Chapter 4 Quality control

4.1 FastQC

Quality control (QC) is fundamental and is involved in all RNA-Seq pre-processing. After sequencing the reads, you need to check the quality of the sequencing and FastQC does this very well. FastQC presents in a simple way some checks control on raw sequence data resulting from high-throughput sequencing. This tool shows the problems that exist in the data, problems that can result in misinterpretations of the biological result. Many works have used FastQC as it accepts SAM or BAM alignment files or raw files such as FASTQ. In addition, it provides the results in graphical form of the main sequencing metrics.
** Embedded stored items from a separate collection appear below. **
lemma infdist_geodesic_image_leE:
  assumes "geodesic \<alpha> a" "infdist x (\<alpha> ` {0..a}) \<le> r"
  obtains s where "s \<in> {0..a}" "dist x (\<alpha> s) \<le> r"
proof -
  have "\<alpha> ` {0..a} \<noteq> {}"
    using geodesic_nonneg[OF assms(1)] by auto
  with geodesic_image_compact[OF assms(1)]
  obtain z where "z \<in> \<alpha> ` {0..a}" "dist x z = infdist x (\<alpha> ` {0..a})"
    by (rule infdist_compact_attained)
  with assms(2) that show ?thesis
    by auto
qed

lemma projD: "z \<in> proj U x \<Longrightarrow> z \<in> U \<and> dist x z = infdist x U"
  unfolding proj_def by blast

lemma proj_nonempty: "compact U \<Longrightarrow> U \<noteq> {} \<Longrightarrow> proj U x \<noteq> {}"
  using infdist_compact_attained[of U x] unfolding proj_def by blast

lemma proj_dist_le_twice:
  assumes "u \<in> U" "z \<in> proj U x"
  shows "dist u z \<le> 2 * dist x u"
proof -
  have "dist x z \<le> dist x u"
    using projD[OF assms(2)] infdist_le[OF assms(1)] by simp
  then show ?thesis
    using dist_triangle[of u z x] by (simp add: dist_commute)
qed

lemma contractingD:
  "contracting C U \<Longrightarrow> geodesic g L \<Longrightarrow> C \<le> setdist (g ` {0..L}) U \<Longrightarrow>
    diameter (proj_set U (g ` {0..L})) \<le> C"
  unfolding contracting_def by blast

lemma contracting_nonneg:
  fixes U :: "'a::metric_space set"
  assumes "contracting C U"
  shows "0 \<le> C"
proof (rule ccontr)
  assume neg: "\<not> 0 \<le> C"
  define x :: 'a where "x = undefined"
  have "geodesic (\<lambda>_::real. x) 0"
    by (simp add: geodesic_def)
  moreover have "C \<le> setdist ((\<lambda>_::real. x) ` {0..0}) U"
    using neg setdist_pos_le[of "(\<lambda>_::real. x) ` {0..0}" U] by linarith
  ultimately have "diameter (proj_set U ((\<lambda>_::real. x) ` {0..0})) \<le> C"
    by (rule contractingD[OF assms])
  moreover have "bounded (proj_set U ((\<lambda>_::real. x) ` {0..0}))"
    by (rule bounded_subset[OF bounded_cball[of x "infdist x U"]])
      (auto simp: proj_set_def proj_def)
  ultimately show False
    using diameter_ge_0 neg by force
qed

lemma contracting_proj_dist_le:
  assumes con: "contracting C U" and bd: "bounded U" and g: "geodesic \<gamma> L"
    and far: "\<forall>t\<in>{0..L}. C \<le> infdist (\<gamma> t) U"
    and st: "s \<in> {0..L}" "t \<in> {0..L}" and u: "u \<in> proj U (\<gamma> s)" and v: "v \<in> proj U (\<gamma> t)"
  shows "dist u v \<le> C"
proof -
  have "C \<le> dist x y" if "x \<in> \<gamma> ` {0..L}" "y \<in> U" for x y
    using far that infdist_le[OF that(2), of x] by force
  then have "C \<le> setdist (\<gamma> ` {0..L}) U"
    unfolding le_setdist_iff using projD[OF u] st by auto
  then have "diameter (proj_set U (\<gamma> ` {0..L})) \<le> C"
    by (rule contractingD[OF con g])
  moreover have "bounded (proj_set U (\<gamma> ` {0..L}))"
    by (rule bounded_subset[OF bd]) (auto simp: proj_set_def proj_def)
  moreover have "u \<in> proj_set U (\<gamma> ` {0..L})" "v \<in> proj_set U (\<gamma> ` {0..L})"
    using u v st unfolding proj_set_def by auto
  ultimately show ?thesis
    using diameter_bounded_bound by fastforce
qed

lemma continuous_on_first_crossing:
  fixes f :: "real \<Rightarrow> real"
  assumes cont: "continuous_on {a..b} f" and start: "C < f a" and hit: "t \<in> {a..b}" "f t \<le> C"
  obtains s where "s \<in> {a..b}" "f s = C" "\<forall>u\<in>{a..s}. C \<le> f u"
proof -
  define S where "S = {a..b} \<inter> f -` {..C}"
  have S: "S \<noteq> {}" "bdd_below S" "closed S"
    using hit cont by (auto simp: S_def intro!: continuous_closed_preimage bdd_belowI[of _ a])
  define s where "s = Inf S"
  have s: "s \<in> S"
    unfolding s_def using S by (rule closed_contains_Inf)
  have s_le: "s \<le> u" if "u \<in> S" for u
    unfolding s_def using that S(2) by (rule cInf_lower)
  have before: "C < f u" if "a \<le> u" "u < s" for u
  proof (rule ccontr)
    assume "\<not> C < f u"
    then have "u \<in> S"
      using that s by (auto simp: S_def)
    with s_le that show False
      by fastforce
  qed
  have "\<exists>u. a \<le> u \<and> u \<le> s \<and> f u = C"
    using s start cont by (intro IVT2') (auto simp: S_def elim: continuous_on_subset)
  then have "f s = C"
    using before by (metis less_le less_irrefl)
  moreover have "C \<le> f u" if "u \<in> {a..s}" for u
    using before[of u] that \<open>f s = C\<close> by (cases "u = s") auto
  ultimately show ?thesis
    using that s by (auto simp: S_def)
qed

text \<open>Up to its first entry into the closed C-neighbourhood of U, the geodesic
  stays at distance at least C from U, so its projection has moved by at most C.\<close>
lemma contracting_geodesic_near_proj_start:
  fixes \<gamma> :: "real \<Rightarrow> 'a::metric_space"
  assumes con: "contracting C U" and cU: "compact U" and g: "geodesic \<gamma> L"
    and z: "z \<in> proj U (\<gamma> 0)" and near: "\<exists>t\<in>{0..L}. infdist (\<gamma> t) U \<le> C"
  shows "\<exists>t\<in>{0..L}. dist (\<gamma> t) z \<le> 2 * C"
proof (cases "infdist (\<gamma> 0) U \<le> C")
  case True
  then show ?thesis
    using projD[OF z] geodesic_nonneg[OF g] contracting_nonneg[OF con]
    by (intro bexI[of _ 0]) auto
next
  case False
  have "continuous_on {0..L} (\<lambda>t. infdist (\<gamma> t) U)"
    by (intro continuous_on_infdist geodesic_continuous_on[OF g])
  with False near obtain s where s: "s \<in> {0..L}" "infdist (\<gamma> s) U = C"
    and far: "\<forall>u\<in>{0..s}. C \<le> infdist (\<gamma> u) U"
    by (auto elim!: continuous_on_first_crossing)
  obtain w where w: "w \<in> proj U (\<gamma> s)"
    using proj_nonempty[OF cU] projD[OF z] by blast
  have "dist z w \<le> C"
    using contracting_proj_dist_le[OF con compact_imp_bounded[OF cU]
        geodesic_restrict[OF g, of s] far _ _ z w] s by auto
  moreover have "dist (\<gamma> s) w = C"
    using projD[OF w] s by simp
  ultimately have "dist (\<gamma> s) z \<le> 2 * C"
    using dist_triangle[of "\<gamma> s" z w] by (simp add: dist_commute)
  with s show ?thesis
    by auto
qed

lemma contracting_far_proj_geodesic_near_start:
  fixes \<gamma> :: "real \<Rightarrow> 'a::metric_space"
  assumes con: "contracting C U" and cU: "compact U" and g: "geodesic \<gamma> L"
    and zu: "zu \<in> proj U (\<gamma> 0)" and zv: "zv \<in> proj U (\<gamma> L)" and far: "dist zu zv > C"
  shows "\<exists>t\<in>{0..L}. dist (\<gamma> t) zu \<le> 2 * C"
proof (rule contracting_geodesic_near_proj_start[OF con cU g zu], rule ccontr)
  assume "\<not> (\<exists>t\<in>{0..L}. infdist (\<gamma> t) U \<le> C)"
  then have "dist zu zv \<le> C"
    using geodesic_nonneg[OF g]
    by (intro contracting_proj_dist_le[OF con compact_imp_bounded[OF cU] g _ _ _ zu zv]) auto
  with far show False
    by linarith
qed

lemma contracting_far_proj_geodesic_near_end:
  fixes \<gamma> :: "real \<Rightarrow> 'a::metric_space"
  assumes con: "contracting C U" and cU: "compact U" and g: "geodesic \<gamma> L"
    and zu: "zu \<in> proj U (\<gamma> 0)" and zv: "zv \<in> proj U (\<gamma> L)" and far: "dist zu zv > C"
  shows "\<exists>t\<in>{0..L}. dist (\<gamma> t) zv \<le> 2 * C"
proof -
  have "\<exists>t\<in>{0..L}. dist (\<gamma> (L - t)) zv \<le> 2 * C"
    using contracting_far_proj_geodesic_near_start[OF con cU geodesic_reverse[OF g], of zv zu]
      zu zv far by (simp add: dist_commute)
  then obtain t where "t \<in> {0..L}" "dist (\<gamma> (L - t)) zv \<le> 2 * C"
    by blast
  then show ?thesis
    by (intro bexI[of _ "L - t"]) auto
qed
FastQC can be run with a graphical interface, but we will run it in the terminal. For didactic purposes, we will work with the dummy samples that are in 0-samples:

ls ~/PreProcSEQ-main/0-samples

We are going to use FastQC to generate the quality reports for each FASTQ file. In this case, the samples are in 0-samples and the FastQC result, we will save in 1-qualityControl_beforeTrimming/outputFastqc:

fastqc ~/PreProcSEQ-main/0-samples/*.fastq -o ~/PreProcSEQ-main/1-qualityControl_beforeTrimming/outputFastqc

You can verify that output files were generated for each FASTQ file:

ls ~/PreProcSEQ-main/1-qualityControl_beforeTrimming/outputFastqc

The .zip file contains the information and metrics used for QC. The .html file covers QC graphically:

firefox ~/PreProcSEQ-main/1-qualityControl_beforeTrimming/outputFastqc/sample_01_R1_fastqc.html

4.2 MultiQC

MultiQC aggregates bioinformatics analysis results from many samples into a single report. This is what we are going to do with the data generated earlier with FastQC. Let’s set the files generated by FastQC as input. The MultiQC result will be stored in 1-qualityControl_beforeTrimming/outputMultiqc:

multiqc ~/PreProcSEQ-main/1-qualityControl_beforeTrimming/outputFastqc/. -o ~/PreProcSEQ-main/1-qualityControl_beforeTrimming/outputMultiqc

The result of MultiQC is in 1-qualityControl_beforeTrimming/outputMultiqc:

ls ~/PreProcSEQ-main/1-qualityControl_beforeTrimming/outputMultiqc

We can view the HTML file in a web browser:

firefox ~/PreProcSEQ-main/1-qualityControl_beforeTrimming/outputMultiqc/multiqc_report.html

Figure 1 shows the main graphic results of QC generated by FastQC with MultiQC. Sequencing was generally good (Figure 1.A), all read positions will have average phred quality scores above 30. The average quality of each read was also good (Figure 1.B), some reads had averages of phred scores that were in the yellow and red region, but most were in the green region. As for the content of unidentified bases (N), the content was low, but there were Ns in the readings (Figure 1.C). Finally, adapters were found in the analyzed dataset (Figure 1.D). However, the content was not enough to be in the yellow or red region.

Figure 1: Quality control. The background color indicates whether the region is bad (red), acceptable (yellow), and great (green). In (A), (B) and (C) each line represents a FASTQ file of the project. (A) Average of quality scores. The X axis represents the position of the nucleotides and the Y axis indicates the quality score on the phred scale. (B) Quality score by sequence. The X axis represents the average phred score and the Y axis indicates the number of readings. (C) N content. The X axis represents the position of the base and the Y axis indicates the amount of N in percentage. (D) Content of adapters. Each line represents an adapter type.